→ **Input material**
* * * * * * *

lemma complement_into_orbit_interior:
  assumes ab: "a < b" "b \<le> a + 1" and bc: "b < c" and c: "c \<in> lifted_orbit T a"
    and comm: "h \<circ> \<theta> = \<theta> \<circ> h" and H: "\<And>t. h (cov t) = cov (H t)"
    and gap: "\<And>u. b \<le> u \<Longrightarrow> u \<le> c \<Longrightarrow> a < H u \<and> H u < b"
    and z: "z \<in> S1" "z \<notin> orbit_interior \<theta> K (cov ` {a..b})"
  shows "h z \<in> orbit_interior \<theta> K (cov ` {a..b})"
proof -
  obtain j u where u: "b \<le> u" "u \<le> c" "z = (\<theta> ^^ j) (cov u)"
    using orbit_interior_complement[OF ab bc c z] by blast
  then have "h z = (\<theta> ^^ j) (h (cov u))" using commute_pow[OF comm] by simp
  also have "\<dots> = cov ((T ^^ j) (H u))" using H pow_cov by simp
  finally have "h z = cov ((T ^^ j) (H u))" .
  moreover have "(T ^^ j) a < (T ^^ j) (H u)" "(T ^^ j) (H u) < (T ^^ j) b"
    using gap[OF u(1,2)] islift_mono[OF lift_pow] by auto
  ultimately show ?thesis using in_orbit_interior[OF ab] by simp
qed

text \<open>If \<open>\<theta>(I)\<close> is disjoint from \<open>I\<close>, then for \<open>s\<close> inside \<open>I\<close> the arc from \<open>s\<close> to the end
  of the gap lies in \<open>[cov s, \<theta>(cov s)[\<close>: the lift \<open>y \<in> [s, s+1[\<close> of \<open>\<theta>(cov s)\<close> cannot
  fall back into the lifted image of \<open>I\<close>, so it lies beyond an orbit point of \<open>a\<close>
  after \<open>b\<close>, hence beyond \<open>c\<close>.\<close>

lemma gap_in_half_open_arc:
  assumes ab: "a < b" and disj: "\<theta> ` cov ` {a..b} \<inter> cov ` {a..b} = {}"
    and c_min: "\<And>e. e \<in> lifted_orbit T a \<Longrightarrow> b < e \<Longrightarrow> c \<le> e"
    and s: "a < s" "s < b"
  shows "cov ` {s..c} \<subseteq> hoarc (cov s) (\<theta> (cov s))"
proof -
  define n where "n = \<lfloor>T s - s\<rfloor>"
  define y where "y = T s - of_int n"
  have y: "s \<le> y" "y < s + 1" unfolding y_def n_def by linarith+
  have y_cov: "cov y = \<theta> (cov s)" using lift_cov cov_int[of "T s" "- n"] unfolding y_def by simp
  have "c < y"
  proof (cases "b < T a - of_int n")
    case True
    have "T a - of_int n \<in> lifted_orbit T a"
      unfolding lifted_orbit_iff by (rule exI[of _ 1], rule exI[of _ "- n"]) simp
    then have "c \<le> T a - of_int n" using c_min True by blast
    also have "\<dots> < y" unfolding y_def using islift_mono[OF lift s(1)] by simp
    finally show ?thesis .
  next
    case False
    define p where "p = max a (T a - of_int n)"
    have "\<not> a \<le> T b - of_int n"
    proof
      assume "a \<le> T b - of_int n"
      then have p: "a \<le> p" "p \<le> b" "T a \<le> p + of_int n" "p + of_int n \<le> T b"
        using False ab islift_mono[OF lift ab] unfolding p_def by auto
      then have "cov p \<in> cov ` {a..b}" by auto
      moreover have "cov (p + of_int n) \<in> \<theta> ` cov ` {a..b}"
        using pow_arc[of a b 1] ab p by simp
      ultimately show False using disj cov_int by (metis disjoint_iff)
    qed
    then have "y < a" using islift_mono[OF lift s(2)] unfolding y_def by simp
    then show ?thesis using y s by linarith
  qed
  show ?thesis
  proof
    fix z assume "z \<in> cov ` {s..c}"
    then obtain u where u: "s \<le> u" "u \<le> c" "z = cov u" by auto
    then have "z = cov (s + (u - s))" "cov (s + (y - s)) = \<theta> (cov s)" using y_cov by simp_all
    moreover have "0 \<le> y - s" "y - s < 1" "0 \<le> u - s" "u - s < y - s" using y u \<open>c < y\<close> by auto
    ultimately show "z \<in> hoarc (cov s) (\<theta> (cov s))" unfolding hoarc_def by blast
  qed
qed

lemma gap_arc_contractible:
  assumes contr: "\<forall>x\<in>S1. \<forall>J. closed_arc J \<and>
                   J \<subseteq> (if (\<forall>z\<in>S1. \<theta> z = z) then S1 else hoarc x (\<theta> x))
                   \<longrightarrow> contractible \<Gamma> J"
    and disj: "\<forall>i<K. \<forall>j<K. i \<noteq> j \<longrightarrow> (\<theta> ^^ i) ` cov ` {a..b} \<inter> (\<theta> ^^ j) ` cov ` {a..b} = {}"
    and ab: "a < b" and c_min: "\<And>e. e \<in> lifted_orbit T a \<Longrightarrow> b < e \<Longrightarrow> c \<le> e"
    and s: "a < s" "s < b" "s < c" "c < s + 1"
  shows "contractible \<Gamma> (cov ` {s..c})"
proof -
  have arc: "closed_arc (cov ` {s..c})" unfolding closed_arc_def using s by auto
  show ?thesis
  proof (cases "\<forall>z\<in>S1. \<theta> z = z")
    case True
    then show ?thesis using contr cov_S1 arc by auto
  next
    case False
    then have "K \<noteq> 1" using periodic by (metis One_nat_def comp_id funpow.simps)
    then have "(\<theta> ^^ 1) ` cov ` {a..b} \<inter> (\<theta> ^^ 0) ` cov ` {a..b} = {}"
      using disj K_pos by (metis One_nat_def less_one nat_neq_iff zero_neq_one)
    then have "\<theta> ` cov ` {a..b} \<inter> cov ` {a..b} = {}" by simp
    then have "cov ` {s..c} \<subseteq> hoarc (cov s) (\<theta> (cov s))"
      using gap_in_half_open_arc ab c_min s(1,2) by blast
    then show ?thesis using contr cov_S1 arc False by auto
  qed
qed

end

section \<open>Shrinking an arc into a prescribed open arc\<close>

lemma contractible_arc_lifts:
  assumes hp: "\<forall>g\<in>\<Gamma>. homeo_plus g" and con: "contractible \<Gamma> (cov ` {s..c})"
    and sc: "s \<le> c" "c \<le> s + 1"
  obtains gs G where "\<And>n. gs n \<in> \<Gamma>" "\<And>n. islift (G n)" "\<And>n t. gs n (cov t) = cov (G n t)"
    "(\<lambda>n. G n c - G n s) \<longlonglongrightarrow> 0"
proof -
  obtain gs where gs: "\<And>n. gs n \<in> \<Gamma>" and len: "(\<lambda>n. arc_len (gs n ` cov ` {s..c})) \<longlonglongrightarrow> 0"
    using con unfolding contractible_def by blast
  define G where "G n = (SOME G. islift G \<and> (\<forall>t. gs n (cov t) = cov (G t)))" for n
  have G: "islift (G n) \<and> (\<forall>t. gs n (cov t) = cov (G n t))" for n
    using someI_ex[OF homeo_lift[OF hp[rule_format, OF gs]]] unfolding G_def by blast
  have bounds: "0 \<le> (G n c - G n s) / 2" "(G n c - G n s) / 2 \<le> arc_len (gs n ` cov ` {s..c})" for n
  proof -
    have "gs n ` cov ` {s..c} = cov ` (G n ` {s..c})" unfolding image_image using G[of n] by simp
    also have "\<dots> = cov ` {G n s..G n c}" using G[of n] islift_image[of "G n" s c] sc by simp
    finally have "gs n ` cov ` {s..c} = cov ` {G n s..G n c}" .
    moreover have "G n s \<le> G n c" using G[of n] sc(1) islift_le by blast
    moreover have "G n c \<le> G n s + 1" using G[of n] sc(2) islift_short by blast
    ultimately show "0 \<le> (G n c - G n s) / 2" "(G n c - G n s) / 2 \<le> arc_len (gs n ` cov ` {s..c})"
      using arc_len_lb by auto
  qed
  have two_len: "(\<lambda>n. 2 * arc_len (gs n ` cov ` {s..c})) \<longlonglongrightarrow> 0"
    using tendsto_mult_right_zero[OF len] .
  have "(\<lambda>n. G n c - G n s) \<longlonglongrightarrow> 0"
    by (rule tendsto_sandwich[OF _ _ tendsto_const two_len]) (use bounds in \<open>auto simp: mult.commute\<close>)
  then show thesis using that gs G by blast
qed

* * * * * * *

→ **Task goal**
Look through the data above. Find each line with the string "noteq" and copy it.

→ **Task solution**
    and disj: "\<forall>i<K. \<forall>j<K. i \<noteq> j \<longrightarrow> (\<theta> ^^ i) ` cov ` {a..b} \<inter> (\<theta> ^^ j) ` cov ` {a..b} = {}"
    then have "K \<noteq> 1" using periodic by (metis One_nat_def comp_id funpow.simps)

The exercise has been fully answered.